Initially, the new persistent store is provided as a separate option from Vineyard, and it can accept Gremlin queries for data access. Going forward we hope to evolve them into an integrated hybrid graph store suitable for all kinds of workloads.

Deploy Groot¶

We use Helm to deploy Groot on Kubernetes Cluster.

Prerequisites¶

Kubernetes 1.21+
Helm 3.2.0+

If you don’t have a Kubernetes cluster, you can create a local one by using Docker Desktop, Minikube, or Kind.

If you don’t have a Kubernetes cluster, you can create a local one Docker Desktop, minikube or kind.

Refer to deploy graphscope on self managed k8s cluster for more details guide.

Installation¶

Install from ArtifactHub¶

The latest stable version of Groot can be installed from ArtifactHub by using the following command:

helm repo add graphscope https://graphscope.oss-cn-beijing.aliyuncs.com/charts/
helm repo update
helm install demo graphscope/graphscope-store

Installing from a local directory¶

If you want to apply the latest updates or modify some files, you can clone the GraphScope repository and install Groot from a local directory by using the following commands:

cd GraphScope/charts/graphscope-store
helm dependency update  # fetch the dependency charts
helm install demo .

The above commands will deploy Groot with the default configuration. The configurable items during installation can be found in the Common Configurations section.

It may take some time for the Groot service to be available because the image needs to be pulled for the first time. You can check if the service is available by using the following command:

helm test demo

Helm will print the following statement on the console, which you could copy and execute to get the connection address.

You can also check the deployment status and get the connection address by using the following command:

helm status demo

Common Configurations¶

Name	Description	Default value
image.registry	Image registry	registry.cn-hongkong.aliyuncs.com
image.repository	Image repository	graphscope/graphscope-store
image.tag	Image tag, default to the version of the Chart	“”
auth.username	Username. If empty, then there’s no authentication	“”
auth.password	Password	“”
store.replicaCount	Number of Store Pod	2
dataset.modern	Load modern graph dataset at the start	false
frontend.replicaCount	Number of Frontend	1
frontend.service.type	Kubernetes Service type of frontend	NodePort
frontend.query.per.second.limit	the maximum qps can be handled by frontend service	2147483647 (without limitation)
query.execution.timeout.ms	the total execution time for a query	3000000
frontend.service.httpPort	Groot http service port	8080
neo4j.bolt.server.disabled	Disable neo4j or not	true

If Groot is launched with the default configuration, then two Store Pods, one Frontend Pod, and one Coordinator Pod will be started. The number of Coordinator nodes is fixed to 1.

Use the --set key=value[,key=value] command to set the parameters for helm install, for example:

helm install demo graphscope/graphscope-store \
    --set auth.username=admin,auth.password=123456

The aforementioned command configures the username and password required for connecting to the cluster.

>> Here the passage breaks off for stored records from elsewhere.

(* Let $s\ge1$. A general binary form $p\in H_{2s}(\mathbb{C}^2)$ can be written as $$p(x,y) = \Bigl(\sum_{k=0}^s t_kx^{s-k}y^k\Bigr)^2 + \Bigl(\sum_{k=1}^s t_{s+k}x^{s-k}y^k\Bigr)^2, \qquad t_k\in\mathbb{C},$$ in exactly $\binom{2s-1}{s}$ different ways. Note that the monomial $x^s$ does not appear in the second form.
   Context: $H_d(\mathbb{C}^n)$ denotes the complex vector space of homogeneous polynomials of degree $d$ in $n$ variables. "A general $p$ has property P" means P holds for all $p$ in a nonempty Zariski-open subset of $H_d(\mathbb{C}^n)$. Two representations are considered the same if they agree up to replacing each of the two squared forms by its negative. *)

theory Defs
  imports Complex_Main
begin

text \<open>Points of complex affine space of dimension N, as coefficient functions
  supported on indices 0..N-1.\<close>
definition affspace :: "nat \<Rightarrow> (nat \<Rightarrow> complex) set" where
  "affspace N = {c. \<forall>j\<ge>N. c j = 0}"

inductive poly_fun :: "nat \<Rightarrow> ((nat \<Rightarrow> complex) \<Rightarrow> complex) \<Rightarrow> bool" for N where
  pf_const: "poly_fun N (\<lambda>c. a)"
| pf_var: "i < N \<Longrightarrow> poly_fun N (\<lambda>c. c i)"
| pf_add: "poly_fun N f \<Longrightarrow> poly_fun N g \<Longrightarrow> poly_fun N (\<lambda>c. f c + g c)"
| pf_mult: "poly_fun N f \<Longrightarrow> poly_fun N g \<Longrightarrow> poly_fun N (\<lambda>c. f c * g c)"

In situations where a multitude of parameters need to be set, utilizing the --set option can become difficult to manage. In such cases, one can specify the parameters using a YAML file, as exemplified below:

helm install demo graphscope/graphscope-store -f settings.yaml

A sample configuration for settings.yaml is like the following:

# cat settings.yaml
---
image:
  tag: latest
auth:
  username: admin
  password: 123456

It will specify the image tag to be pulled as latest while setting the username and password.

User Guide¶

Upon installing Groot, an empty graph is created by default. We can execute connections, define graph models, load data, and perform queries with Gremlin Query Language and Cypher Query Language.

We can use the Interactive SDK to interact with Groot. The Interactive SDK offers a unified interface for managing and querying interactive engines, including the GIE based on Groot store for low-latency demands, and GraphScope Interactive for high-QPS demands. We provide the following workflow example.

Installation¶

Once the service is up and running, the Groot HTTP service will be activated by default. You can connect to the service using the Interactive SDK. To install the SDK, use the following pip command:

pip3 install gs_interactive

Then import the package:

import gs_interactive

For more details, please refer to Python SDK Guide.

Connection¶

To connect the service, ensure that the following environment variables are properly set to facilitate the connection:

############################################################################################
    export INTERACTIVE_ADMIN_ENDPOINT=http://127.0.0.1:8080
############################################################################################

Then you can connect to the Groot Service as follows:

import gs_interactive

driver = Driver()
sess = driver.session()

Once the connection is established, you can use the driverand sess objects to interact with the Groot Service, as illustrated in the following demonstrations.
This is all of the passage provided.